(EXERCISE PROMPT)
State how many lines in the records hold the word "ultimately", giving the number and no other text.
(DATA FOR REVIEW begins)
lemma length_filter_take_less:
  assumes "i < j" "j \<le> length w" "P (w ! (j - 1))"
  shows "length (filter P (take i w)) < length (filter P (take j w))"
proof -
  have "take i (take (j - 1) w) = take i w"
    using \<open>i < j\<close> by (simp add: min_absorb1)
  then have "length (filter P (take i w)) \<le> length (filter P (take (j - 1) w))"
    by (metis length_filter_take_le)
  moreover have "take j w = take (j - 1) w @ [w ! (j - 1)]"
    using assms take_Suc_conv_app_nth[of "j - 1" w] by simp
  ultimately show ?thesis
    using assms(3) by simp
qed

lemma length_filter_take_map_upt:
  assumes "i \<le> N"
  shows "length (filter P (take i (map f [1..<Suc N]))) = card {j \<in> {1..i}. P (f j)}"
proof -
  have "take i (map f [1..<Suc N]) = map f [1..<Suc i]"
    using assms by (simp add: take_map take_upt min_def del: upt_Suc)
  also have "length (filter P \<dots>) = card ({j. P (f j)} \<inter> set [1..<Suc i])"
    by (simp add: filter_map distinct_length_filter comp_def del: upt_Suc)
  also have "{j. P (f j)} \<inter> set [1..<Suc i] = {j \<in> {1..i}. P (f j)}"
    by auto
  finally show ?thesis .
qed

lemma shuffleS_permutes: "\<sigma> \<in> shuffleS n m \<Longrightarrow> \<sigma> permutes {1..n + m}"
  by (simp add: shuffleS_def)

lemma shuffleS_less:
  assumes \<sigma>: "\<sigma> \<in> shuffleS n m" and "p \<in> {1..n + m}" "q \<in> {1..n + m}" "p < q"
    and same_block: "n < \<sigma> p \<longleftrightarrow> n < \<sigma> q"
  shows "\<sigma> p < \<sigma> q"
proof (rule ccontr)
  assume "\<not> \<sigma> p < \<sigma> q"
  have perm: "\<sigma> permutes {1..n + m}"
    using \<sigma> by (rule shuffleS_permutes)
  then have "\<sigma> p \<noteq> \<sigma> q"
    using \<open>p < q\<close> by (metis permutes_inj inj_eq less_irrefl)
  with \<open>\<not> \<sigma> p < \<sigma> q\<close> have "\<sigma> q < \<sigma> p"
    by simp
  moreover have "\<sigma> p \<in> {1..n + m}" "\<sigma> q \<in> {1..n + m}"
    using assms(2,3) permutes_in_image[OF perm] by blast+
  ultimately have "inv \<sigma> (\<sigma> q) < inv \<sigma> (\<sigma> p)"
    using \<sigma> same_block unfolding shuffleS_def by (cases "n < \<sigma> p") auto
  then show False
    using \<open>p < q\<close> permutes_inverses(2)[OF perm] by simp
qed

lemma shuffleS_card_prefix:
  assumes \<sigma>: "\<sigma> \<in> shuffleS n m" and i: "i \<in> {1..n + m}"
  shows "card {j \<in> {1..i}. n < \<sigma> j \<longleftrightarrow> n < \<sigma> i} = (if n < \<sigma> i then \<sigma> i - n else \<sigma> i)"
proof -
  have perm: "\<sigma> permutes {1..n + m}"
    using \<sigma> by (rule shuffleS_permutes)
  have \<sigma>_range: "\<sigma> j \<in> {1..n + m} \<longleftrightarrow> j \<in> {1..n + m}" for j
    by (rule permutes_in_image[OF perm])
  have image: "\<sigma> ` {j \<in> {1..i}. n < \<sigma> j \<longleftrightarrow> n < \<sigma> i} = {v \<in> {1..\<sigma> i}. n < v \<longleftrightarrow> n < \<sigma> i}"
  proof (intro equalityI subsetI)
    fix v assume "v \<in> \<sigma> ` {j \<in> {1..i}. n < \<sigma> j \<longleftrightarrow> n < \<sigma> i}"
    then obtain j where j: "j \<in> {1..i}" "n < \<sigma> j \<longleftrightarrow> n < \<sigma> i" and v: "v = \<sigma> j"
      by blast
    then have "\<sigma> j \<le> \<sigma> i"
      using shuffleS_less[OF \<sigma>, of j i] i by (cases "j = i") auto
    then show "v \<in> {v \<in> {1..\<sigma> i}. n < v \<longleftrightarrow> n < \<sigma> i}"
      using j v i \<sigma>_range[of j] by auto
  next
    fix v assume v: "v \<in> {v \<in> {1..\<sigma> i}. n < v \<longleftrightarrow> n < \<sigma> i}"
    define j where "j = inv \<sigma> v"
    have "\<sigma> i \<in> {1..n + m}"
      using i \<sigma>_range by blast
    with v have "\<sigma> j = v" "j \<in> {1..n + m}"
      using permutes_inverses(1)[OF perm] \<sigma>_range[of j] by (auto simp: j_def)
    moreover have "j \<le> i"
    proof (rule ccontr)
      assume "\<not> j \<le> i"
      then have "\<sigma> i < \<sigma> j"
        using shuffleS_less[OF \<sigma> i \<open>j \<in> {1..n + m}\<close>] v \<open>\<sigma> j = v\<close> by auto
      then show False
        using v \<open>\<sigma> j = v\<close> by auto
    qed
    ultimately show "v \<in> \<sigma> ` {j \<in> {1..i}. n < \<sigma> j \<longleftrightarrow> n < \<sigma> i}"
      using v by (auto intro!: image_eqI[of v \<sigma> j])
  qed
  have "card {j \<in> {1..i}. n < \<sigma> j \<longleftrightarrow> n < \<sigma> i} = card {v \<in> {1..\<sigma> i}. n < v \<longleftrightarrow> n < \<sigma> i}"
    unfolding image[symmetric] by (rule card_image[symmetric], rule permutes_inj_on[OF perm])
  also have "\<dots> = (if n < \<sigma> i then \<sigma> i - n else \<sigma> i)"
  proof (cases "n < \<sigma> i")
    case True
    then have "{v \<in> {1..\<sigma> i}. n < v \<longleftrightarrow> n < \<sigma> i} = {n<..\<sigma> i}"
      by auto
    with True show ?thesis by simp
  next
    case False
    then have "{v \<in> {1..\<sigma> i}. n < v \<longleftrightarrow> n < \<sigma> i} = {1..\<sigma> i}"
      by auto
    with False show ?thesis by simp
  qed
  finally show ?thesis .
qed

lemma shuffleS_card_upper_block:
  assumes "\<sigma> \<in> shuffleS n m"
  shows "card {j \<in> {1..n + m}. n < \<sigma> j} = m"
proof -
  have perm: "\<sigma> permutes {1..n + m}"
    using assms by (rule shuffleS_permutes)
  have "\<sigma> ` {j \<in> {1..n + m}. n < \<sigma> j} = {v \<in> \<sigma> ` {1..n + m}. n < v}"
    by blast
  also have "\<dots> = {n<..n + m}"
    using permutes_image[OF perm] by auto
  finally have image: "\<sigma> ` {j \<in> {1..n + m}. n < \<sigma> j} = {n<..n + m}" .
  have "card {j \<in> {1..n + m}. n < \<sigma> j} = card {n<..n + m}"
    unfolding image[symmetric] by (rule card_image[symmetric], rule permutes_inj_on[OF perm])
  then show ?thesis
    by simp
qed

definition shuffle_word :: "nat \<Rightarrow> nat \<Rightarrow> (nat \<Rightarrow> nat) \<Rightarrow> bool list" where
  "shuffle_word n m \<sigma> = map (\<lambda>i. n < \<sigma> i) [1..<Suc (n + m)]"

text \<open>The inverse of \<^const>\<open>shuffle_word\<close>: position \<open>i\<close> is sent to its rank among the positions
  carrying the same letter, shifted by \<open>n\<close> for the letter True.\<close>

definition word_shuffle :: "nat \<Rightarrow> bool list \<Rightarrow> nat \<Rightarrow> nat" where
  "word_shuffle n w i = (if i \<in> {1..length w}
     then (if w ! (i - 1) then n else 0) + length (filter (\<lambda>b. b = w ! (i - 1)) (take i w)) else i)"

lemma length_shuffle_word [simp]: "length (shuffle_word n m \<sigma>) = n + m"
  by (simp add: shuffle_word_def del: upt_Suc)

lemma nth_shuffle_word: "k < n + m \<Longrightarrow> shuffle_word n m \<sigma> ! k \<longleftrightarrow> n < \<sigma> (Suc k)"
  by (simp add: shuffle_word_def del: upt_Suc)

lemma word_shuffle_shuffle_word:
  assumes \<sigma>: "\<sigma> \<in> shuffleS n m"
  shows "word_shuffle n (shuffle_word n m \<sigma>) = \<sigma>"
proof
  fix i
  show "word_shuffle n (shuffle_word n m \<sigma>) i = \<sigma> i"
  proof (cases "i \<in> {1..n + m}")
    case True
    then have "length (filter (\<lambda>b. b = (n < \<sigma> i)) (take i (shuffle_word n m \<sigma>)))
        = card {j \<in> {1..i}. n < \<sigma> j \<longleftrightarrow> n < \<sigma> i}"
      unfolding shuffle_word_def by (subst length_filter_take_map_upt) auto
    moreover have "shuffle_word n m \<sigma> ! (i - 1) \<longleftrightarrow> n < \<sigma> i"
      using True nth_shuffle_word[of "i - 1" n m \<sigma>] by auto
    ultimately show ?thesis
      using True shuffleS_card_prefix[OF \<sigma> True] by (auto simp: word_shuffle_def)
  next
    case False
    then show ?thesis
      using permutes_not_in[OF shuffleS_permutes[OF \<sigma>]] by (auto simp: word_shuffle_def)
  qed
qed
(DATA FOR REVIEW ends)
(EXPECTED OUTPUT)
4